Further, there are situations where people have a mixed environment. One example is the pharmaceutical industry where Oracle has customers who deploy Siebel On Premise in their tier 1 countries (e.g. United States) where there’s a very sophisticated influence of the physician, a very complex environment set up by the FDA, and other sort of regulatory concerns. However, in the tier 2 and 3 countries, they don’t have such complexities and so they tend to deploy CRM On Demand (e.g. Singapore, China, or India).
So some markets are very much into on-premise, other markets are very much into on-demand and there are a number of markets that deploy mixed modes. Michel added: “And if you look at Asia Pacific, we recognized that many countries in the region are skipping a generation and are going straight for a SaaS solution, as they see the benefits of speed to market, lower cost of ownership and the flexibility of adapting to business changes faster. We see a lot of demand for SaaS CRM in the enterprises that are attracted to the benefits and the fact that Oracle can now fulfill a few of their key requirements which no other vendor catered to before like for instance, security or deployment options around analytics. In that sense, the growth in Asia Pacific is phenomenal. Just look at the market research that is going around like the one from Springboard Research on eCRM.”

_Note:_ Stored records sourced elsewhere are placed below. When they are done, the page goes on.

lemma has_integral_zbspline:
  assumes i: "lo \<le> i" "i \<le> int g - 1"
  shows "(zbspline lam b k i has_integral 0) {a..b}"
proof -
  have "(zbspline lam b k i has_integral (B (Suc k) i b - B (Suc k) i a)) {a..b}"
  proof (rule fundamental_theorem_of_calculus_interior_strong[of "lam ` {lo..hi}"])
    show "continuous_on {a..b} (B (Suc k) i)" using i by (intro continuous_on_bspline_Suc) auto
    fix x assume "x \<in> {a<..<b} - lam ` {lo..hi}"
    then have "(B (Suc k) i has_real_derivative zbspline lam b k i x) (at x)"
      using i by (intro has_real_derivative_bspline_Suc) auto
    then show "(B (Suc k) i has_vector_derivative zbspline lam b k i x) (at x)"
      by (simp add: has_real_derivative_iff_has_vector_derivative)
  qed (use a_less_b in auto)
  moreover have "B (Suc k) i b = 0" using i by (intro bspline_at_b) auto
  moreover have "B (Suc k) i a = 0"
  proof (rule bspline_at_left_knot)
    have e: "i + int (Suc k) = i + int k + 1" by simp
    show "lam i < lam (i + int (Suc k))" unfolding e using support_length_pos[of i] i by simp
  qed (use i knot_in_interval[of i] in auto)
  ultimately show ?thesis by simp
qed

end

section \<open>The span of the constants and the ZB-splines\<close>

lemma bspline_borel_measurable: "bspline lam b p i \<in> borel_measurable borel"
proof (induction p arbitrary: i)
  case 0
  show ?case by simp measurable
next
  case (Suc p)
  show ?case using Suc.IH[of i] Suc.IH[of "i + 1"] by simp measurable
qed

Anthony confirms: “I always say, we are very fortunate having both, compared to Salesforce.com that only has on-demand or SAP having only on-premise. We are able to really understand our customers’ strategies and their requirements and propose a solution: on-premise, on-demand or a combination.”

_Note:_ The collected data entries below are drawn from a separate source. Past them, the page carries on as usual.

lemma resultant_eq_0_if_common_root:
  fixes p q :: "'a::field poly"
  assumes "p \<noteq> 0" "poly p z = 0" "poly q z = 0"
  shows "resultant p q = 0"
proof -
  let ?A = "map_poly abs_fc :: 'a poly \<Rightarrow> 'a field_copy poly"
  have "poly (?A p) (abs_fc z) = 0" "poly (?A q) (abs_fc z) = 0"
    using assms by (simp_all add: abs_fc.poly_map_poly)
  then have "[:- abs_fc z, 1:] dvd ?A p" "[:- abs_fc z, 1:] dvd ?A q"
    by (metis poly_eq_0_iff_dvd)+
  then have "[:- abs_fc z, 1:] dvd gcd (?A p) (?A q)" by simp
  moreover have "gcd (?A p) (?A q) \<noteq> 0" using assms(1) by simp
  ultimately have "degree [:- abs_fc z, 1:] \<le> degree (gcd (?A p) (?A q))"
    by (rule dvd_imp_degree_le)
  then have "degree (gcd (?A p) (?A q)) \<noteq> 0" by simp
  then have "resultant (?A p) (?A q) = 0" by (simp add: resultant_0_gcd)
  then show ?thesis by (simp add: abs_fc.resultant_hom)
qed

section \<open>Hasse derivatives\<close>

lemma coeff_hasse_deriv: "coeff (hasse_deriv j f) k = of_nat ((k + j) choose j) * coeff f (k + j)"
proof -
  have "coeff (hasse_deriv j f) k =
      (\<Sum>i\<le>degree f. if i - j = k then of_nat (i choose j) * coeff f i else 0)"
    by (simp add: hasse_deriv_def coeff_sum coeff_monom)
  also have "\<dots> = (\<Sum>i\<le>degree f. if i = k + j then of_nat (i choose j) * coeff f i else 0)"
    by (rule sum.cong) (auto simp: binomial_eq_0)
  also have "\<dots> = of_nat ((k + j) choose j) * coeff f (k + j)"
    using coeff_eq_0[of f "k + j"] by (auto simp: sum.delta)
  finally show ?thesis .
qed

lemma degree_hasse_deriv_le: "degree (hasse_deriv j f) \<le> degree f - j"
  by (rule degree_le) (auto simp: coeff_hasse_deriv coeff_eq_0)

lemma hasse_deriv_add: "hasse_deriv j (p + q) = hasse_deriv j p + hasse_deriv j q"
  by (rule poly_eqI) (simp add: coeff_hasse_deriv distrib_left)

lemma hasse_deriv_eq_0: "degree p < j \<Longrightarrow> hasse_deriv j p = 0"
  by (rule poly_eqI) (simp add: coeff_hasse_deriv coeff_eq_0)

lemma (in comm_ring_hom) hasse_deriv_map_poly:
  "hasse_deriv j (map_poly hom f) = map_poly hom (hasse_deriv j f)"
  by (rule poly_eqI) (simp add: coeff_hasse_deriv hom_distribs)

lemma poly_hasse_deriv: "poly (hasse_deriv j p) r = coeff (p \<circ>\<^sub>p [:r, 1:]) j"
proof -
  have "p \<circ>\<^sub>p [:r, 1:] = (\<Sum>i\<le>degree p. [:coeff p i:] * [:r, 1:] ^ i)"
    by (simp add: pcompose_altdef poly_altdef degree_map_poly coeff_map_poly)
  then have "coeff (p \<circ>\<^sub>p [:r, 1:]) j = (\<Sum>i\<le>degree p. coeff p i * coeff ([:r, 1:] ^ i) j)"
    by (simp add: coeff_sum)
  also have "\<dots> = (\<Sum>i\<le>degree p. of_nat (i choose j) * coeff p i * r ^ (i - j))"
  proof (rule sum.cong)
    fix i
    have "coeff ([:r, 1:] ^ i) j = of_nat (i choose j) * r ^ (i - j)"
    proof (cases "j \<le> i")
      case True
      then show ?thesis using coeff_linear_poly_power[of j i r 1] by simp
    next
      case False
      then have "degree ([:r, 1:] ^ i) < j" by (simp only: degree_linear_power not_le)
      then have "coeff ([:r, 1:] ^ i) j = 0" by (rule coeff_eq_0)
      with False show ?thesis by (simp add: binomial_eq_0)
    qed
    then show "coeff p i * coeff ([:r, 1:] ^ i) j = of_nat (i choose j) * coeff p i * r ^ (i - j)"
      by simp
  qed simp
  also have "\<dots> = poly (hasse_deriv j p) r"
    by (simp add: hasse_deriv_def poly_sum poly_monom)
  finally show ?thesis by simp
qed

lemma poly_hasse_deriv_eq_0_if_less_order:
  assumes "p \<noteq> 0" "j < order r p"
  shows "poly (hasse_deriv j p) r = 0"
proof -
  define n where "n = order r p"
  obtain q where q: "p = [:- r, 1:] ^ n * q" using order_1 unfolding n_def by (blast elim: dvdE)
  have "[:- r, 1:] \<circ>\<^sub>p [:r, 1:] = [:0, 1:]" by (simp add: pcompose_pCons)
  then have "p \<circ>\<^sub>p [:r, 1:] = monom 1 n * (q \<circ>\<^sub>p [:r, 1:])"
    unfolding q by (simp add: pcompose_mult pcompose_hom.hom_power monom_altdef)
  then show ?thesis using assms(2) by (simp add: n_def poly_hasse_deriv coeff_monom_mult)
qed

section \<open>Multiple roots\<close>

lemma order_ge_2_if_poly_pderiv_eq_0:
  fixes p :: "'a::idom poly"
  assumes "p \<noteq> 0" "poly p r = 0" "poly (pderiv p) r = 0"
  shows "2 \<le> order r p"
proof -
  obtain q where q: "p = [:- r, 1:] * q" using assms(2) poly_eq_0_iff_dvd by (metis dvdE)
  have "pderiv p = [:- r, 1:] * pderiv q + q" unfolding q
    by (simp add: pderiv_mult pderiv_pCons del: mult_pCons_left)
  then have "poly q r = 0" using assms(3) by simp
  then obtain k where k: "q = [:- r, 1:] * k" using poly_eq_0_iff_dvd by (metis dvdE)
  have "[:- r, 1:] ^ 2 dvd p" unfolding q k by (metis dvd_triv_left mult.assoc power2_eq_square)
  then show ?thesis using assms(1) order_divides by blast
qed

lemma poly_pderiv_eq_0_if_order_ge_2:
  fixes p :: "'a::idom poly"
  assumes "p \<noteq> 0" "2 \<le> order r p"
  shows "poly p r = 0" "poly (pderiv p) r = 0"
proof -
  have "[:- r, 1:] ^ 2 dvd p" using assms order_divides by blast
  then obtain k where "p = [:- r, 1:] * ([:- r, 1:] * k)"
    by (metis dvdE power2_eq_square mult.assoc)
  then show "poly p r = 0" "poly (pderiv p) r = 0"
    by (simp_all add: pderiv_mult pderiv_pCons del: mult_pCons_left)
qed

lemma order_eq_2_if_poly_hasse_deriv_2_neq_0:
  fixes p :: "'a::idom poly"
  assumes "p \<noteq> 0" "poly p r = 0" "poly (pderiv p) r = 0" "poly (hasse_deriv 2 p) r \<noteq> 0"
  shows "order r p = 2"
  using order_ge_2_if_poly_pderiv_eq_0[OF assms(1-3)]
    poly_hasse_deriv_eq_0_if_less_order[OF assms(1), of 2 r] assms(4)
  by linarith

And Michel added: “Oracle is actually the only SaaS provider that owns and operates its own data centers, so that Oracle does not only control the environment from a technology and features prospective, but even down to the facilities, processes, SaaS certifications etc.”

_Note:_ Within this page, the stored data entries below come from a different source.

text \<open>Dimension and relative boundary of a cell (well defined by invariance of domain).\<close>
definition cell_dim :: "'a topology \<Rightarrow> 'a set \<Rightarrow> nat" where
  "cell_dim X \<sigma> = (SOME n. is_cell X n \<sigma>)"

definition cell_boundary :: "'a topology \<Rightarrow> 'a set \<Rightarrow> 'a set" where
  "cell_boundary X \<sigma> = (SOME B. \<exists>n \<alpha>. cell_param X n \<sigma> \<alpha> \<and> B = \<alpha> ` disc_boundary n)"

definition cell_interior :: "'a topology \<Rightarrow> 'a set \<Rightarrow> 'a set" where
  "cell_interior X \<sigma> = \<sigma> - cell_boundary X \<sigma>"

definition finite_regular_CW :: "'a topology \<Rightarrow> 'a set set \<Rightarrow> bool" where
  "finite_regular_CW X \<X> \<longleftrightarrow>
     Hausdorff_space X \<and> finite \<X> \<and>
     (\<forall>\<sigma>\<in>\<X>. \<exists>n. is_cell X n \<sigma>) \<and>
     (\<Union>\<sigma>\<in>\<X>. cell_interior X \<sigma>) = topspace X \<and>
     (\<forall>\<sigma>\<in>\<X>. \<forall>\<tau>\<in>\<X>. \<sigma> \<noteq> \<tau> \<longrightarrow> cell_interior X \<sigma> \<inter> cell_interior X \<tau> = {}) \<and>
     (\<forall>\<sigma>\<in>\<X>. \<exists>\<C>\<subseteq>\<X>. (\<forall>\<tau>\<in>\<C>. cell_dim X \<tau> < cell_dim X \<sigma>) \<and>
                       cell_boundary X \<sigma> = \<Union>\<C>)"

definition standard_pair :: "'a topology \<Rightarrow> nat \<Rightarrow> 'a set \<Rightarrow> 'a set \<Rightarrow> bool" where
  "standard_pair X k \<tau> \<sigma> \<longleftrightarrow> \<tau> \<subseteq> \<sigma> \<and>
     (\<exists>n \<alpha>. k \<le> n \<and> cell_param X n \<sigma> \<alpha> \<and>
            {x \<in> disc n. \<alpha> x \<in> \<tau>} = {x \<in> disc n. \<forall>i<k. x i = 0})"

definition finite_regular_CW_pair :: "'a topology \<Rightarrow> 'a set set \<Rightarrow> 'a set \<Rightarrow> nat \<Rightarrow> bool" where
  "finite_regular_CW_pair X \<X> Y k \<longleftrightarrow>
     finite_regular_CW X \<X> \<and> Y \<subseteq> topspace X \<and>
     (\<forall>\<sigma>\<in>\<X>. \<sigma> \<inter> Y = {} \<or> standard_pair X k (\<sigma> \<inter> Y) \<sigma>)"

definition cells_meeting :: "'a set set \<Rightarrow> 'a set \<Rightarrow> 'a set set" where
  "cells_meeting \<X> Y = {\<sigma> \<in> \<X>. \<sigma> \<inter> Y \<noteq> {}}"

definition poset_iso :: "('a set \<Rightarrow> 'b set) \<Rightarrow> 'a set set \<Rightarrow> 'b set set \<Rightarrow> bool" where
  "poset_iso \<phi> \<X> \<X>' \<longleftrightarrow> bij_betw \<phi> \<X> \<X>' \<and>
     (\<forall>\<sigma>\<in>\<X>. \<forall>\<tau>\<in>\<X>. \<sigma> \<subseteq> \<tau> \<longleftrightarrow> \<phi> \<sigma> \<subseteq> \<phi> \<tau>)"

end

theory Submission
  imports Defs "HOL-Homology.Invariance_of_Domain"
begin

text \<open>
  The homeomorphism is built cell by cell, by induction along the face order.  Suppose it
  is already defined on the boundary of a cell \<sigma>, mapping it homeomorphically onto the
  boundary of \<phi> \<sigma> and \<open>d\<sigma> \<inter> Y\<close> onto \<open>d(\<phi> \<sigma>) \<inter> Y'\<close>.  Choosing characteristic maps in which
  Y and Y' both become the coordinate subspace \<open>x\<^sub>1 = \<dots> = x\<^sub>k = 0\<close> (the standard-pair
  condition), the boundary map becomes a homeomorphism of unit spheres preserving that
  subspace, and its radial extension \<open>x \<mapsto> |x| h(x/|x|)\<close> (Alexander's trick) is a homeomorphism
  of discs that still preserves it.  Invariance of domain makes the boundary of a cell
  independent of the chosen parametrisation, so the pieces fit together.  The glued map is a
  continuous bijection from a compact space to a Hausdorff space, hence a homeomorphism.
\<close>

section \<open>Discs and spheres\<close>

definition sqnorm :: "nat \<Rightarrow> (nat \<Rightarrow> real) \<Rightarrow> real" where
  "sqnorm n x = (\<Sum>i<n. (x i)\<^sup>2)"

definition coord_subspace :: "nat \<Rightarrow> (nat \<Rightarrow> real) set" where
  "coord_subspace k = {x. \<forall>i<k. x i = 0}"

lemma continuous_on_coordinate: "continuous_on S (\<lambda>x::nat\<Rightarrow>real. x i)"
  by (rule continuous_on_subset[OF continuous_on_product_coordinates]) simp

lemma continuous_on_sqnorm [continuous_intros]: "continuous_on S (sqnorm n)"
  unfolding sqnorm_def by (intro continuous_intros continuous_on_coordinate)

lemma sqnorm_nonneg: "0 \<le> sqnorm n x"
  unfolding sqnorm_def by (simp add: sum_nonneg)

lemma sqnorm_scale: "sqnorm n (\<lambda>i. c * x i) = c\<^sup>2 * sqnorm n x"
  unfolding sqnorm_def by (simp add: sum_distrib_left power_mult_distrib)

lemma sqnorm_eq_0:
  assumes "\<forall>i\<ge>n. x i = 0" and "sqnorm n x = 0"
  shows "x = (\<lambda>i. 0)"
proof
  fix i
  have "\<forall>j\<in>{..<n}. (x j)\<^sup>2 = 0"
    using assms(2) unfolding sqnorm_def by (subst sum_nonneg_eq_0_iff[symmetric]) auto
  then show "x i = 0"
    using assms(1) by (cases "i < n") auto
qed

lemma disc_eq: "disc n = {x. (\<forall>i\<ge>n. x i = 0) \<and> sqnorm n x \<le> 1}"
  by (simp add: disc_def sqnorm_def topspace_Euclidean_space)

lemma disc_boundary_eq: "disc_boundary n = {x. (\<forall>i\<ge>n. x i = 0) \<and> sqnorm n x = 1}"
  by (simp add: disc_boundary_def sqnorm_def topspace_Euclidean_space)

lemma disc_boundary_subset_disc: "disc_boundary n \<subseteq> disc n"
  by (auto simp: disc_eq disc_boundary_eq)

lemma disc_subset_Euclidean_space: "disc n \<subseteq> topspace (Euclidean_space n)"
  by (auto simp: disc_eq topspace_Euclidean_space)

lemma zero_in_disc: "(\<lambda>i. 0) \<in> disc n"
  by (simp add: disc_eq sqnorm_def)

lemma abs_coordinate_le_1_disc:
  assumes "x \<in> disc n"
  shows "\<bar>x i\<bar> \<le> 1"
proof (cases "i < n")
  case True
  have "(x i)\<^sup>2 \<le> sqnorm n x"
    unfolding sqnorm_def using True by (intro member_le_sum) auto
  with assms have "(x i)\<^sup>2 \<le> 1"
    by (simp add: disc_eq)
  then show ?thesis
    by (simp add: abs_square_le_1)
qed (use assms in \<open>simp add: disc_eq\<close>)

lemma Euclidean_space_eq_top_of_set:
  "Euclidean_space n = top_of_set (topspace (Euclidean_space n))"
  by (simp add: Euclidean_space_def euclidean_product_topology topspace_Euclidean_space)

lemma subtopology_Euclidean_space_disc:
  "subtopology (Euclidean_space n) (disc n) = top_of_set (disc n)"
  using disc_subset_Euclidean_space[of n]
  by (subst Euclidean_space_eq_top_of_set) (simp add: subtopology_subtopology inf.absorb2)

lemma closed_disc: "closed (disc n)"
proof -
  have "disc n = topspace (Euclidean_space n) \<inter> sqnorm n -` {..1}"
    by (auto simp: disc_eq topspace_Euclidean_space)
  moreover have "closed (topspace (Euclidean_space n))"
    using closedin_Euclidean_space[of n] by (simp add: euclidean_product_topology)
  moreover have "closed (sqnorm n -` {..1})"
    by (intro closed_vimage continuous_on_sqnorm) auto
  ultimately show ?thesis
    by (simp add: closed_Int)
qed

The new CRM ON Demand Release 17
For Oracle CRM On Demand Release 17, Oracle has made significant enhancements in three buckets, according to Michel, namely in core CRM, PRM and life sciences.
- For core CRM, Oracle has extended a lot of features in the core CRM capabilities;
- In the Partner Relationship Management (PRM) bucket, the new release recognizes that companies serve their markets in multi-channel strategies such as through a dealer network and /or resellers. Release 17 contains a set of SaaS applications for that eco-system of partners and Oracle has extensively added capabilities in CRM.
- The third bucket is Oracle’s product for life sciences, which is specifically focused on pharmaceutical sales and medical device representatives. It is not only completely tailored for that industry but co-developed with the industry because 18 out of the top 20 pharmaceutical companies are already their clients. This is an important consideration as pharma companies in tier 1 markets tend to look at an On Premise model while others such as the Asia Pacific countries prefer CRM On Demand.
It can be expected that Oracle continues to provide customers with a powerful and complete, best-of-breed CRM on demand service, as promised by their President Charles Phillips and that the new Oracle CRM On Demand Release 17 will showcase again, how Oracle solves organizations’ essential requirements to advance business opportunities and results.
Without doubt, Oracle is experienced in developing industry-specific solutions, demonstrating that for them, CRM isn’t one-size-fits-all. Instead, they are focused on delivering flexibility and choice with industry functionality and analytics and literally cater hundreds of products and modules to some 23 different industries for their CRM needs.